§ **Assignment**: Locate the string "information" in the records below. Copy every line where it occurs.

[Opening Supplied material section]

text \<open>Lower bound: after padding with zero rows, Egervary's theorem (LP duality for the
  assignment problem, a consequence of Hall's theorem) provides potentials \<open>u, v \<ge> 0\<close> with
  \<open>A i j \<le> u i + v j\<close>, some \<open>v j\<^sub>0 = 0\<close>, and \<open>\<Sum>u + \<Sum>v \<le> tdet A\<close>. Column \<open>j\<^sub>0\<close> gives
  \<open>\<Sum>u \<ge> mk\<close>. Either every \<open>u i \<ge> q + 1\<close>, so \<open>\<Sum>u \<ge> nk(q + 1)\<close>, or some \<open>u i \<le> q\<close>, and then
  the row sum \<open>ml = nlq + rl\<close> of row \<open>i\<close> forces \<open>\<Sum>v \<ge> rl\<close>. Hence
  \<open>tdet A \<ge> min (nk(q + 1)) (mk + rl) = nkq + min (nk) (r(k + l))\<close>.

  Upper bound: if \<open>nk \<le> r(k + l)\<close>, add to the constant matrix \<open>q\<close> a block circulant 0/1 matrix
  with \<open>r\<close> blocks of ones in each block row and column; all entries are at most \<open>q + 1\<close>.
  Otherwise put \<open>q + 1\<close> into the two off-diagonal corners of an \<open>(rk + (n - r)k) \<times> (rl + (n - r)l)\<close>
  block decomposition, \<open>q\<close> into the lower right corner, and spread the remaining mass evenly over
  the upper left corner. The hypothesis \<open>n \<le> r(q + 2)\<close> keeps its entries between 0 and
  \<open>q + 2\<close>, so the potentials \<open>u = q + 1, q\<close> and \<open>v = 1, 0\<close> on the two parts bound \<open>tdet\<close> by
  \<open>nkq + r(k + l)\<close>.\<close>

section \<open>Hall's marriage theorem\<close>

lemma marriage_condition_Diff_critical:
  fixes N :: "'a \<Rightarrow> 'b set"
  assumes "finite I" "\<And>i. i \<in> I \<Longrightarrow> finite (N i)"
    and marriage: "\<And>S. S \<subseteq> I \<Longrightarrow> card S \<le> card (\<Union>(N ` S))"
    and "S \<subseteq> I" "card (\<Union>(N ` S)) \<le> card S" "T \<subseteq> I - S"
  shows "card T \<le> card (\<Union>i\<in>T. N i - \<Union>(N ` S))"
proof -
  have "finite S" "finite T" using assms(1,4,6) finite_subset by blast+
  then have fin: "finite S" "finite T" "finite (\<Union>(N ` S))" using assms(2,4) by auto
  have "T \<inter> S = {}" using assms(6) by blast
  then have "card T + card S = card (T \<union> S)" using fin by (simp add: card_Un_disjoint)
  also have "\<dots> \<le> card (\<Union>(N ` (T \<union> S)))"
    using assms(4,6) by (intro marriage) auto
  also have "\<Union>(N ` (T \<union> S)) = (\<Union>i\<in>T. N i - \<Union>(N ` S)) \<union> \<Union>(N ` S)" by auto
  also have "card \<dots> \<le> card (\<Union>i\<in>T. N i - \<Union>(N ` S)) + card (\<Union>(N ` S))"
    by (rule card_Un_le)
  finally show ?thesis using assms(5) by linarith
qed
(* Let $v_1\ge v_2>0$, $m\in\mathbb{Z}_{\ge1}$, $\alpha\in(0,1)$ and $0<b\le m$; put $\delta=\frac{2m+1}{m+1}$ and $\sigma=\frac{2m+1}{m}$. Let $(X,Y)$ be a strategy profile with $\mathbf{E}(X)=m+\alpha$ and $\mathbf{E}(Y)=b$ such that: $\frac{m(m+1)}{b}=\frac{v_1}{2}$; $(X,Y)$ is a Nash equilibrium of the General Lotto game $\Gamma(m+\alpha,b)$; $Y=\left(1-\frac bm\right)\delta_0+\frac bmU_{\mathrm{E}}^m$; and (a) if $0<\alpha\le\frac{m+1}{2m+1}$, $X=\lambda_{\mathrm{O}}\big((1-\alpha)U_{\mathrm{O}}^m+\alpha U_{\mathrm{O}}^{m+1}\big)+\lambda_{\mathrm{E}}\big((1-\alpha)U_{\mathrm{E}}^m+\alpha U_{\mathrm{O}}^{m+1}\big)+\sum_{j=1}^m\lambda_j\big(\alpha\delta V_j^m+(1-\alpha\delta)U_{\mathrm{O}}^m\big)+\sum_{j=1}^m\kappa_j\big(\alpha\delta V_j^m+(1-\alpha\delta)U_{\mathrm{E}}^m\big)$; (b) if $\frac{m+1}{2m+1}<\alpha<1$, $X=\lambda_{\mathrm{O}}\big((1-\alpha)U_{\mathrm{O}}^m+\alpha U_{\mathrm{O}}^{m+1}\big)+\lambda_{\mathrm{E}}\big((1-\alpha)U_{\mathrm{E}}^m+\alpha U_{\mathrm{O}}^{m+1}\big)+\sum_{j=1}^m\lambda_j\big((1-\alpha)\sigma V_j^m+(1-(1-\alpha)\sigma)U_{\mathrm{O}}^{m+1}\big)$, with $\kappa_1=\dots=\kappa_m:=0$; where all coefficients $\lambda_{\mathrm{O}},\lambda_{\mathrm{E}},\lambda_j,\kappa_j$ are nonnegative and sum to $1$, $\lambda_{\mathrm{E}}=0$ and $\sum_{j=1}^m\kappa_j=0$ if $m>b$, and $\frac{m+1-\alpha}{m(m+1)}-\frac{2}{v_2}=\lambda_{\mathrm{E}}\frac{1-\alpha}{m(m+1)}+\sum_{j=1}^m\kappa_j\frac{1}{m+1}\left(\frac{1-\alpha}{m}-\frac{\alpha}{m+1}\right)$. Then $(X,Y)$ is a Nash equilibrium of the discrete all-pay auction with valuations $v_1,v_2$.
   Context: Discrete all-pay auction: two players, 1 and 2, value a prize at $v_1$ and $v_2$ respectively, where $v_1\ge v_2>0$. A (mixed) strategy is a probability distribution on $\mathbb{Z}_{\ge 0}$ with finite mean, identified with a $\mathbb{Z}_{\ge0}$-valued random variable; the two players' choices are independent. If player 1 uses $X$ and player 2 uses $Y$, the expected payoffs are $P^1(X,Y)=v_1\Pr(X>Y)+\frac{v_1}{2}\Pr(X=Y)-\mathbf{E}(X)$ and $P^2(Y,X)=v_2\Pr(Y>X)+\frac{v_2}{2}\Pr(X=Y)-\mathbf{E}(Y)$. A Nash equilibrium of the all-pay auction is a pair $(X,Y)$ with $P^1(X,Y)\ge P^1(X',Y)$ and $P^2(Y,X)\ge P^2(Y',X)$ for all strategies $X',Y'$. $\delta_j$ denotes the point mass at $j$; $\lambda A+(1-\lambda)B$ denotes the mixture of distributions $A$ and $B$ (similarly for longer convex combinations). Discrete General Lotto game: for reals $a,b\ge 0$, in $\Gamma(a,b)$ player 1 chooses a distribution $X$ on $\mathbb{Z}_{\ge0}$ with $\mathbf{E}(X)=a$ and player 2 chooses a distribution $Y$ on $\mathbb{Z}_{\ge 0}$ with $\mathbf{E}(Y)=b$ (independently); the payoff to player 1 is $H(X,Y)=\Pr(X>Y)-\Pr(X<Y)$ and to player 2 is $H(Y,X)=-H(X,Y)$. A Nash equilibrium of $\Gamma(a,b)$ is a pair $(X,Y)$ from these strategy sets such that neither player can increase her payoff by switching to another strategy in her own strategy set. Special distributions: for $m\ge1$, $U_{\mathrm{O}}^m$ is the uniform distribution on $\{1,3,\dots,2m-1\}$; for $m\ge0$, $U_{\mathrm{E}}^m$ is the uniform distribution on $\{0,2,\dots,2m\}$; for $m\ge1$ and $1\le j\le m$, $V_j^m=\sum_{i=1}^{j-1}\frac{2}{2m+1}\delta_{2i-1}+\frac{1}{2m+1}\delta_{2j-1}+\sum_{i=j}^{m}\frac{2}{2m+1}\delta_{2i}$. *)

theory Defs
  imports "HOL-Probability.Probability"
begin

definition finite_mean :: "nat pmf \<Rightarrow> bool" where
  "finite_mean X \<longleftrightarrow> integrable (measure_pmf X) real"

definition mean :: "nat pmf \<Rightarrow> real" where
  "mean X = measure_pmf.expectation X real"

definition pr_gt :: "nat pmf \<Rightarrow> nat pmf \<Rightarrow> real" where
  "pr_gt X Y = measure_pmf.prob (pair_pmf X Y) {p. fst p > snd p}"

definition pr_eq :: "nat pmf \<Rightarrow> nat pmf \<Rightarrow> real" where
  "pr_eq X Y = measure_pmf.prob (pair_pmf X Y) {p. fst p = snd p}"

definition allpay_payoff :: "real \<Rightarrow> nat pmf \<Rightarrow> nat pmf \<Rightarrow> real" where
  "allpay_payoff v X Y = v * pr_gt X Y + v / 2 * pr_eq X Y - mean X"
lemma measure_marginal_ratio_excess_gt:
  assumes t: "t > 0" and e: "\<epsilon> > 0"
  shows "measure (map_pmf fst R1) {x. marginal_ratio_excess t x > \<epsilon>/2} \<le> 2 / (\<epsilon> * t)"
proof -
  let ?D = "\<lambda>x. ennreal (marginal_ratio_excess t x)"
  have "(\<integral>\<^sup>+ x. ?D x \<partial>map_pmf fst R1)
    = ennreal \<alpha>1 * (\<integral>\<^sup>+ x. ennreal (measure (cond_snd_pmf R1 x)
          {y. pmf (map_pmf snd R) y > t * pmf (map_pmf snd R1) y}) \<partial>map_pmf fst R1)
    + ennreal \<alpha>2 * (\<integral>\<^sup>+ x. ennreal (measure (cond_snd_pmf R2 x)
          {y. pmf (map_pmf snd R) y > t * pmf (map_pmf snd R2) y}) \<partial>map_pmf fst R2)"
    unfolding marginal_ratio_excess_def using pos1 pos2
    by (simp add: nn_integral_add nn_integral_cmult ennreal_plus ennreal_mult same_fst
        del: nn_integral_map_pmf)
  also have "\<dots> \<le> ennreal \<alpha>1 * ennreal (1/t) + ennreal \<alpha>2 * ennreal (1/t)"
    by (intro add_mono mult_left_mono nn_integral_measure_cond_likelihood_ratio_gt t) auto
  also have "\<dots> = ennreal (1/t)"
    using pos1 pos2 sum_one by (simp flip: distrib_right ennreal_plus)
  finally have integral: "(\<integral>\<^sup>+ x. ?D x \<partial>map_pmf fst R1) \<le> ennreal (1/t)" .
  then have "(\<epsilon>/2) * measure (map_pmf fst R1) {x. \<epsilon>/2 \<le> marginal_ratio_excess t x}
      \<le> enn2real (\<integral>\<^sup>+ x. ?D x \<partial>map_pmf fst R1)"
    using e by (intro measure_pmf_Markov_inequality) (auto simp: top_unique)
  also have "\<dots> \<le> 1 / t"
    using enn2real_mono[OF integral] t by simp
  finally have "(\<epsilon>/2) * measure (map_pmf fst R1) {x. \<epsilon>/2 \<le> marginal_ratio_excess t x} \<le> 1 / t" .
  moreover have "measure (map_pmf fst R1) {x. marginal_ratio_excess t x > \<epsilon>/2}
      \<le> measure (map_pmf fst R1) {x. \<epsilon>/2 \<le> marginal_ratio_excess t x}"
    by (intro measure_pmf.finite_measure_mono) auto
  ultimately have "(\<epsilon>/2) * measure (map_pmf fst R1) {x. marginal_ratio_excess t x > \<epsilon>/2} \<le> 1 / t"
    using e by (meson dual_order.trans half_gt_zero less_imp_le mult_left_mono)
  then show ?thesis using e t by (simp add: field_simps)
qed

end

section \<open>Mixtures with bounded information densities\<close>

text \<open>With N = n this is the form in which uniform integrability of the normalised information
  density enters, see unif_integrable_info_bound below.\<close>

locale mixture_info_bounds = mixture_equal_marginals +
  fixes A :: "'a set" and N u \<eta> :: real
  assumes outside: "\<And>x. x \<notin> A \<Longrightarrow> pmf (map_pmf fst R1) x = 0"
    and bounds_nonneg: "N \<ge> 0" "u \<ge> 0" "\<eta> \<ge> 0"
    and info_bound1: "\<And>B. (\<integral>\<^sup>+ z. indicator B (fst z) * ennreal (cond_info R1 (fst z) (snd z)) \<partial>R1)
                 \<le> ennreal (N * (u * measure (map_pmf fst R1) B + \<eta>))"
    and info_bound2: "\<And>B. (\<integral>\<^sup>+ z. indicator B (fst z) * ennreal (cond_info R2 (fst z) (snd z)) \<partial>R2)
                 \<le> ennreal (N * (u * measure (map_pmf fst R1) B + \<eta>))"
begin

[Closing Supplied material section]

§ **Result of this exercise**:
section \<open>Mixtures with bounded information densities\<close>
text \<open>With N = n this is the form in which uniform integrability of the normalised information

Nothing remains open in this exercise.